- REQUIREMENT
Output, without alteration, the first line of the entries and each line after it, stopping with the line that contains "c * log_gap".

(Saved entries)
lemma mix_pos:
  assumes "0 < x" "0 \<le> l" "l \<le> 1"
  shows "0 < mix l x"
  using assms by (cases "l = 1") (auto simp: mix_def intro: add_pos_nonneg)

lemma mix_pos_of_less_one:
  assumes "0 \<le> x" "0 \<le> l" "l < 1"
  shows "0 < mix l x"
  using assms by (simp add: mix_def add_pos_nonneg)

lemma mix_diff: "mix l x - mix l y = l * (x - y)"
  by (simp add: mix_def algebra_simps)

lemma log_gap_commute: "log_gap x y = log_gap y x"
  by (simp add: log_gap_def algebra_simps)

lemma log_gap_scale:
  assumes "0 < c" "0 < x" "0 < y"
  shows "log_gap (c * x) (c * y) = c * log_gap x y"
  using assms by (simp add: log_gap_def ln_mult algebra_simps)

text \<open>The derivative of \<open>l \<mapsto> (x - 1) / mix l x\<close> is \<open>-(mix_rate x l)\<^sup>2\<close>; \<open>mix_slope_diff\<close> is
  the corresponding difference quotient.\<close>

definition mix_rate :: "real \<Rightarrow> real \<Rightarrow> real" where
  "mix_rate x l = \<bar>x - 1\<bar> / mix l x"

lemma mix_rate_nonneg:
  assumes "0 < x" "0 \<le> l" "l \<le> 1"
  shows "0 \<le> mix_rate x l"
  using mix_pos[OF assms] by (simp add: mix_rate_def)

lemma mix_slope_diff:
  assumes "0 < mix a x" "0 < mix b x"
  shows "(x - 1) / mix b x - (x - 1) / mix a x = - ((b - a) * (mix_rate x a * mix_rate x b))"
proof -
  have "(x - 1) / mix b x - (x - 1) / mix a x
      = ((x - 1) * mix a x - (x - 1) * mix b x) / (mix a x * mix b x)"
    using assms by (simp add: field_simps)
  also have "(x - 1) * mix a x - (x - 1) * mix b x = - ((b - a) * (\<bar>x - 1\<bar> * \<bar>x - 1\<bar>))"
    by (simp add: mix_def algebra_simps abs_mult_self_eq)
  finally show ?thesis by (simp add: mix_rate_def)
qed

lemma mix_slope_gap_diff:
  assumes "0 < x" "0 < y" "0 \<le> a" "a \<le> 1" "0 \<le> b" "b \<le> 1"
  shows "((x - 1) / mix b x - (y - 1) / mix b y) - ((x - 1) / mix a x - (y - 1) / mix a y)
           = (b - a) * (mix_rate y a * mix_rate y b - mix_rate x a * mix_rate x b)"
proof -
  have "0 < mix a x" "0 < mix b x" "0 < mix a y" "0 < mix b y"
    using assms by (auto intro: mix_pos)
  then show ?thesis
    using mix_slope_diff[of a x b] mix_slope_diff[of a y b] by (simp add: algebra_simps)
qed

lemma mix_slope_gap_mono:
  assumes "0 < x" "0 < y" "0 \<le> a" "a \<le> b" "b \<le> 1"
    and "mix_rate x a \<le> mix_rate y a" "mix_rate x b \<le> mix_rate y b"
  shows "(x - 1) / mix a x - (y - 1) / mix a y \<le> (x - 1) / mix b x - (y - 1) / mix b y"
proof -
  have "mix_rate x a * mix_rate x b \<le> mix_rate y a * mix_rate y b"
    using assms by (intro mult_mono mix_rate_nonneg) auto
  then have "0 \<le> (b - a) * (mix_rate y a * mix_rate y b - mix_rate x a * mix_rate x b)"
    using \<open>a \<le> b\<close> by simp
  then show ?thesis using mix_slope_gap_diff[of x y a b] assms by simp
qed

lemma mix_slope_gap_strict_mono:
  assumes "0 < x" "0 < y" "x \<noteq> 1" "0 \<le> a" "a < b" "b \<le> 1"
    and "mix_rate x a \<le> mix_rate y a" "mix_rate x b < mix_rate y b"
  shows "(x - 1) / mix a x - (y - 1) / mix a y < (x - 1) / mix b x - (y - 1) / mix b y"
proof -
  have "0 < mix a x" using assms by (intro mix_pos) auto
  then have "mix_rate x b * mix_rate x a < mix_rate y b * mix_rate y a"
    using assms by (intro mult_less_le_imp_less mix_rate_nonneg) (auto simp: mix_rate_def)
  then have "0 < (b - a) * (mix_rate y a * mix_rate y b - mix_rate x a * mix_rate x b)"
    using \<open>a < b\<close> by (simp add: mult.commute)
  then show ?thesis using mix_slope_gap_diff[of x y a b] assms by simp
qed

lemma mix_rate_le_iff:
  assumes "0 < mix l x" "0 < mix l y"
  shows "mix_rate x l \<le> mix_rate y l \<longleftrightarrow> \<bar>x - 1\<bar> * mix l y \<le> \<bar>y - 1\<bar> * mix l x"
  using assms by (simp add: mix_rate_def divide_simps)

lemma mix_rate_less_iff:
  assumes "0 < mix l x" "0 < mix l y"
  shows "mix_rate x l < mix_rate y l \<longleftrightarrow> \<bar>x - 1\<bar> * mix l y < \<bar>y - 1\<bar> * mix l x"
  using assms by (simp add: mix_rate_def divide_simps)

lemma mix_cross_diff:
  "(\<bar>y - 1\<bar> * mix b x - \<bar>x - 1\<bar> * mix b y) - (\<bar>y - 1\<bar> * mix a x - \<bar>x - 1\<bar> * mix a y)
     = (b - a) * (\<bar>y - 1\<bar> * (x - 1) - \<bar>x - 1\<bar> * (y - 1))"
  by (simp add: mix_def algebra_simps)

lemma mix_rate_le_propagates:
  assumes "0 < y" "y \<le> x" "0 \<le> a" "a \<le> b" "b \<le> 1" "mix_rate x a \<le> mix_rate y a"
  shows "mix_rate x b \<le> mix_rate y b"
proof -
  have pos: "0 < mix a x" "0 < mix b x" "0 < mix a y" "0 < mix b y"
    using assms by (auto intro: mix_pos)
  have "0 \<le> \<bar>y - 1\<bar> * (x - 1) - \<bar>x - 1\<bar> * (y - 1)"
  proof (cases "y < 1 \<and> 1 \<le> x")
    case True
    then have "\<bar>y - 1\<bar> * (x - 1) - \<bar>x - 1\<bar> * (y - 1) = 2 * ((1 - y) * (x - 1))"
      by (simp add: algebra_simps)
    moreover have "0 \<le> (1 - y) * (x - 1)" using True by simp
    ultimately show ?thesis by linarith
  next
    case False
    then show ?thesis using \<open>y \<le> x\<close> by (auto simp: abs_if algebra_simps)
  qed
  then have "0 \<le> (b - a) * (\<bar>y - 1\<bar> * (x - 1) - \<bar>x - 1\<bar> * (y - 1))"
    using \<open>a \<le> b\<close> by simp
  moreover have "\<bar>x - 1\<bar> * mix a y \<le> \<bar>y - 1\<bar> * mix a x"
    using assms(6) mix_rate_le_iff[OF pos(1,3)] by simp
  ultimately have "\<bar>x - 1\<bar> * mix b y \<le> \<bar>y - 1\<bar> * mix b x"
    using mix_cross_diff[of y b x a] by linarith
  then show ?thesis using mix_rate_le_iff[OF pos(2,4)] by simp
qed
lemma norm_sign_vector:
  fixes s :: "real^'n"
  assumes "\<forall>k. s $ k = 1 \<or> s $ k = -1"
  shows "norm s = sqrt (real CARD('n))"
proof -
  have "s \<bullet> s = (\<Sum>k\<in>(UNIV :: 'n set). 1)"
    unfolding inner_vec_def
  proof (rule sum.cong)
    fix k
    from assms have "s $ k = 1 \<or> s $ k = -1" by blast
    then show "s $ k \<bullet> s $ k = 1" by auto
  qed simp
  then show ?thesis by (simp add: norm_eq_sqrt_inner)
qed

theorem theorem1:
  fixes m c :: nat
    and w :: "nat \<Rightarrow> real^'d"
    and wRe s :: "real^'d"
    and lam :: real
  assumes "c > 0"
    and "m > 2 * c + 1"
    and "\<forall>k. s $ k = 1 \<or> s $ k = -1"
    and "krum_attack_feasible m c w wRe s lam"
    and "\<forall>\<mu>. krum_attack_feasible m c w wRe s \<mu> \<longrightarrow> \<mu> \<le> lam"
  shows "lam \<le> sqrt (1 / (real (m - 2 * c - 1) * real CARD('d)) *
              Min ((\<lambda>i. nearest_sqdist_sum (m - c - 2) w {c+1..m} i) ` {c+1..m}))
            + 1 / sqrt (real CARD('d)) * Max ((\<lambda>i. dist (w i) wRe) ` {c+1..m})"
proof -
  define x where "x = wRe - lam *\<^sub>R s"
  define q where "q = real (m - 2 * c - 1)"
  define D where "D = real CARD('d)"
  define Mn where "Mn = Min ((\<lambda>i. nearest_sqdist_sum (m - c - 2) w {c+1..m} i) ` {c+1..m})"
  define Mx where "Mx = Max ((\<lambda>i. dist (w i) wRe) ` {c+1..m})"
  have "lam > 0" and selected: "krum_outputs m c (attacked_models c w wRe s lam) x"
    using assms(4) unfolding krum_attack_feasible_def x_def by auto
  have "\<And>j. j \<in> {c+1..m} \<Longrightarrow> attacked_models c w wRe s lam j = w j"
    unfolding attacked_models_def by auto
  then obtain j where j: "j \<in> {c+1..m}" and "q * (dist x (w j))\<^sup>2 \<le> Mn"
    using krum_output_close_to_benign[OF assms(2) selected] unfolding q_def Mn_def by blast
  then have "dist x (w j) \<le> sqrt (Mn / q)"
    using assms(2) by (simp add: q_def real_le_rsqrt pos_le_divide_eq mult.commute)
  have "lam * sqrt D = dist x wRe"
    using norm_sign_vector[OF assms(3)] \<open>lam > 0\<close> by (simp add: x_def D_def dist_norm)
  also have "\<dots> \<le> dist x (w j) + dist (w j) wRe" by (rule dist_triangle)
  also have "\<dots> \<le> sqrt (Mn / q) + Mx"
    using \<open>dist x (w j) \<le> sqrt (Mn / q)\<close> j unfolding Mx_def by (auto intro: add_mono Max_ge)
  finally have "lam \<le> (sqrt (Mn / q) + Mx) / sqrt D"
    by (simp add: D_def pos_le_divide_eq)
  then have "lam \<le> sqrt (Mn / q) / sqrt D + 1 / sqrt D * Mx"
    by (simp add: add_divide_distrib)
  then show ?thesis
    unfolding q_def D_def Mn_def Mx_def by (simp add: real_sqrt_divide real_sqrt_mult)
qed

- RESPONSE AREA
lemma mix_pos:
  assumes "0 < x" "0 \<le> l" "l \<le> 1"
  shows "0 < mix l x"
  using assms by (cases "l = 1") (auto simp: mix_def intro: add_pos_nonneg)

lemma mix_pos_of_less_one:
  assumes "0 \<le> x" "0 \<le> l" "l < 1"
  shows "0 < mix l x"
  using assms by (simp add: mix_def add_pos_nonneg)

lemma mix_diff: "mix l x - mix l y = l * (x - y)"
  by (simp add: mix_def algebra_simps)

lemma log_gap_commute: "log_gap x y = log_gap y x"
  by (simp add: log_gap_def algebra_simps)

lemma log_gap_scale:
  assumes "0 < c" "0 < x" "0 < y"
  shows "log_gap (c * x) (c * y) = c * log_gap x y"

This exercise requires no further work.